Male, 28, in a committed relationship with my wife for 10 years, here…
For the first four years of our relationship, my wife and I had a fantastic sex life, 3+ times a week, very compatible drives. It was fantastic.
Year four (a year after we were married), she became pregnant, and there was an understandable slowing in our sex life. She had a very rough pregnancy, was sick and weak all the time, so from the beginning to the end of the pregnancy, we had sex maybe two or three times, because most of the time she was just too sick to do anything. Did I miss the sex? Oh, god, yes…but I loved my wife, and frankly, 90% of what makes sex great is our mutual enjoyment of sharing it with each other, so it was bearable.
For the next two and a half years, sex was very rare, once every month or two. Our little boy didnt start sleeping through the night until he was 2.5, and before that, he would only sleep for 3-4 hrs at a time. We were both exhausted (we always took turns looking after him, to try and give the other a chance to sleep), and again, physical conditions made sex difficult. We were both tired and irritable, and when one of us had desire, the other often didn’t. This lead to a lot of frustration, a lot of resentment, and a lot of grumpiness in general. Thankfully, we worked past it, talked it out, and that helped a lot.
There was one other problem, though. After the pregnancy, my wife’s emotions and mental stability never quite returned to what they used to be. She started having massive mood swings, going from manically happy to incredibly angry over the smallest things. Sure, our sex life improved…we were having sex 2-3 times a month as opposed to once every month or two, but her moods were insane, uncontrollable, and very stressing.
This past summer, after coming home to find her curled up into a ball and in tears, I finally convinced her that she needed to get help for her mood swings and depression. She has fought me on this issue since our boy was born, but finally, she agreed to seek help. Much counseling, much therapy, and many doctors later, it has been determined that she has massive chemical imbalances, and will likely need to take anti-depressents for the rest of her life to be “normal.” Unfortunately, after trying many “cocktails” of meds, the only ones that work have absolutely drained her of any and all sexual desire. Worse, even thoughts of sex or watching/participating in sexually related acts is distasteful to her. She can’t get turned on, no matter how we try…but, aside from her frustration with her lack of sex drive (and the resulting feelings of inadequacy) she is finally mentally and emotionally stable.

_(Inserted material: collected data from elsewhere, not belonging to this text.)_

(* Let $Q$ be a right Leibniz algebra, $L$ a subalgebra of $Q$, and $q\in Q$. (1) If $Q$ is an algebra of quotients of $L$, then $(L:q)$ is an essential ideal of $L$ and $\mathrm{Ann}_L((L:q))=\{0\}$. (2) If $Q$ is ideally absorbed into $L$, then $(L:q)$ is an essential ideal of $L$ and $\mathrm{Ann}_L((L:q))=\{0\}$.
   Context: A right Leibniz algebra satisfies $[x,[y,z]]=[[x,y],z]-[[x,z],y]$. Ideals: subspaces $I$ with $[I,L]\subseteq I$, $[L,I]\subseteq I$; an ideal is essential if it meets every nonzero ideal nontrivially. $\mathrm{Ann}_L(H)=\{x\in L:[x,y]=[y,x]=0\ \forall y\in H\}$. For $x\in L$, $R_x(u)=[u,x]$, $L_x(u)=[x,u]$ on $Q$, $\mathscr{A}(L)$ the associative algebra they generate, ${}_L(q)=\mathbb{F}q+\{\sum\xi_i(q):\xi_i\in\mathscr{A}(L)\}$, $(L:q)=\{x\in L:[x,{}_L(q)]\subseteq L,[{}_L(q),x]\subseteq L\}$. $Q$ is an algebra of quotients of $L$ if for all $p,q\in Q$, $p\ne0$, there is $x\in(L:q)$ with $[x,p]\ne0$ or $y\in(L:q)$ with $[p,y]\ne0$. $Q$ is ideally absorbed into $L$ if for each $0\ne q\in Q$ there is an ideal $I$ of $L$ with $\mathrm{Ann}_L(I)=\{0\}$ such that $[I,q]\ne\{0\}$ or $[q,I]\ne\{0\}$, and both $[I,q],[q,I]\subseteq L$. *)

theory Defs
  imports Main "HOL.Vector_Spaces"
begin

text \<open>The whole algebra Q is UNIV of type 'v.\<close>

definition right_leibniz_algebra ::
  "('k::field \<Rightarrow> 'v::ab_group_add \<Rightarrow> 'v) \<Rightarrow> ('v \<Rightarrow> 'v \<Rightarrow> 'v) \<Rightarrow> bool" where
  "right_leibniz_algebra scale br \<longleftrightarrow>
     vector_space scale \<and>
     (\<forall>x y z. br (x + y) z = br x z + br y z) \<and>
     (\<forall>x y z. br x (y + z) = br x y + br x z) \<and>
     (\<forall>c x y. br (scale c x) y = scale c (br x y)) \<and>
     (\<forall>c x y. br x (scale c y) = scale c (br x y)) \<and>
     (\<forall>x y z. br x (br y z) = br (br x y) z - br (br x z) y)"

definition subalgebra ::
  "('k::field \<Rightarrow> 'v::ab_group_add \<Rightarrow> 'v) \<Rightarrow> ('v \<Rightarrow> 'v \<Rightarrow> 'v) \<Rightarrow> 'v set \<Rightarrow> bool" where
  "subalgebra scale br L \<longleftrightarrow>
     module.subspace scale L \<and> (\<forall>x\<in>L. \<forall>y\<in>L. br x y \<in> L)"

definition is_ideal ::
  "('k::field \<Rightarrow> 'v::ab_group_add \<Rightarrow> 'v) \<Rightarrow> ('v \<Rightarrow> 'v \<Rightarrow> 'v) \<Rightarrow> 'v set \<Rightarrow> 'v set \<Rightarrow> bool" where
  "is_ideal scale br L I \<longleftrightarrow>
     I \<subseteq> L \<and> module.subspace scale I \<and>
     (\<forall>i\<in>I. \<forall>x\<in>L. br i x \<in> I \<and> br x i \<in> I)"

definition essential_ideal ::
  "('k::field \<Rightarrow> 'v::ab_group_add \<Rightarrow> 'v) \<Rightarrow> ('v \<Rightarrow> 'v \<Rightarrow> 'v) \<Rightarrow> 'v set \<Rightarrow> 'v set \<Rightarrow> bool" where
  "essential_ideal scale br L I \<longleftrightarrow>
     is_ideal scale br L I \<and>
     (\<forall>J. is_ideal scale br L J \<and> J \<noteq> {0} \<longrightarrow> I \<inter> J \<noteq> {0})"

definition Ann :: "('v::zero \<Rightarrow> 'v \<Rightarrow> 'v) \<Rightarrow> 'v set \<Rightarrow> 'v set \<Rightarrow> 'v set" where
  "Ann br L H = {x \<in> L. \<forall>y\<in>H. br x y = 0 \<and> br y x = 0}"

inductive_set mult_alg ::
  "('k::field \<Rightarrow> 'v::ab_group_add \<Rightarrow> 'v) \<Rightarrow> ('v \<Rightarrow> 'v \<Rightarrow> 'v) \<Rightarrow> 'v set \<Rightarrow> ('v \<Rightarrow> 'v) set"
  for scale br L where
  R_op: "x \<in> L \<Longrightarrow> (\<lambda>u. br u x) \<in> mult_alg scale br L"
| L_op: "x \<in> L \<Longrightarrow> (\<lambda>u. br x u) \<in> mult_alg scale br L"
| zero_op: "(\<lambda>u. 0) \<in> mult_alg scale br L"
| comp_op: "f \<in> mult_alg scale br L \<Longrightarrow> g \<in> mult_alg scale br L \<Longrightarrow> f \<circ> g \<in> mult_alg scale br L"
| add_op: "f \<in> mult_alg scale br L \<Longrightarrow> g \<in> mult_alg scale br L \<Longrightarrow> (\<lambda>u. f u + g u) \<in> mult_alg scale br L"
| smult_op: "f \<in> mult_alg scale br L \<Longrightarrow> (\<lambda>u. scale c (f u)) \<in> mult_alg scale br L"

definition gen_sub ::
  "('k::field \<Rightarrow> 'v::ab_group_add \<Rightarrow> 'v) \<Rightarrow> ('v \<Rightarrow> 'v \<Rightarrow> 'v) \<Rightarrow> 'v set \<Rightarrow> 'v \<Rightarrow> 'v set" where
  "gen_sub scale br L q =
     {scale c q + (\<Sum>i<n. \<xi> i q) | c (n::nat) \<xi>. \<forall>i<n. \<xi> i \<in> mult_alg scale br L}"

definition colon ::
  "('k::field \<Rightarrow> 'v::ab_group_add \<Rightarrow> 'v) \<Rightarrow> ('v \<Rightarrow> 'v \<Rightarrow> 'v) \<Rightarrow> 'v set \<Rightarrow> 'v \<Rightarrow> 'v set" where
  "colon scale br L q =
     {x \<in> L. \<forall>u\<in>gen_sub scale br L q. br x u \<in> L \<and> br u x \<in> L}"

definition algebra_of_quotients ::
  "('k::field \<Rightarrow> 'v::ab_group_add \<Rightarrow> 'v) \<Rightarrow> ('v \<Rightarrow> 'v \<Rightarrow> 'v) \<Rightarrow> 'v set \<Rightarrow> bool" where
  "algebra_of_quotients scale br L \<longleftrightarrow>
     (\<forall>p q. p \<noteq> 0 \<longrightarrow>
        (\<exists>x\<in>colon scale br L q. br x p \<noteq> 0) \<or> (\<exists>y\<in>colon scale br L q. br p y \<noteq> 0))"

definition ideally_absorbed ::
  "('k::field \<Rightarrow> 'v::ab_group_add \<Rightarrow> 'v) \<Rightarrow> ('v \<Rightarrow> 'v \<Rightarrow> 'v) \<Rightarrow> 'v set \<Rightarrow> bool" where
  "ideally_absorbed scale br L \<longleftrightarrow>
     (\<forall>q. q \<noteq> 0 \<longrightarrow>
        (\<exists>I. is_ideal scale br L I \<and> Ann br L I = {0} \<and>
             ((\<lambda>i. br i q) ` I \<noteq> {0} \<or> (\<lambda>i. br q i) ` I \<noteq> {0}) \<and>
             (\<lambda>i. br i q) ` I \<subseteq> L \<and> (\<lambda>i. br q i) ` I \<subseteq> L))"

In the past six months, we’ve had sex twice. Since my sex drive is pretty high, I pretty much rely on self-satisfaction to relieve my needs, because the last thing she needs is guilt or pressure to do what she physically cannot. Is it as good as sex? Hell no, but emotionally, we are so much better now then we were a year ago, and so it is worth it. We’ve talked about “female viagra” and are considering it, but she is very uncomfortable taking meds as it is, and it probably isn’t a likely solution. We still cuddle, we still kiss, we still are very close emotionally and mentally…and we both love each other very much. Sex is an important part of a married relationship, true, but I do not feel it is the most important part.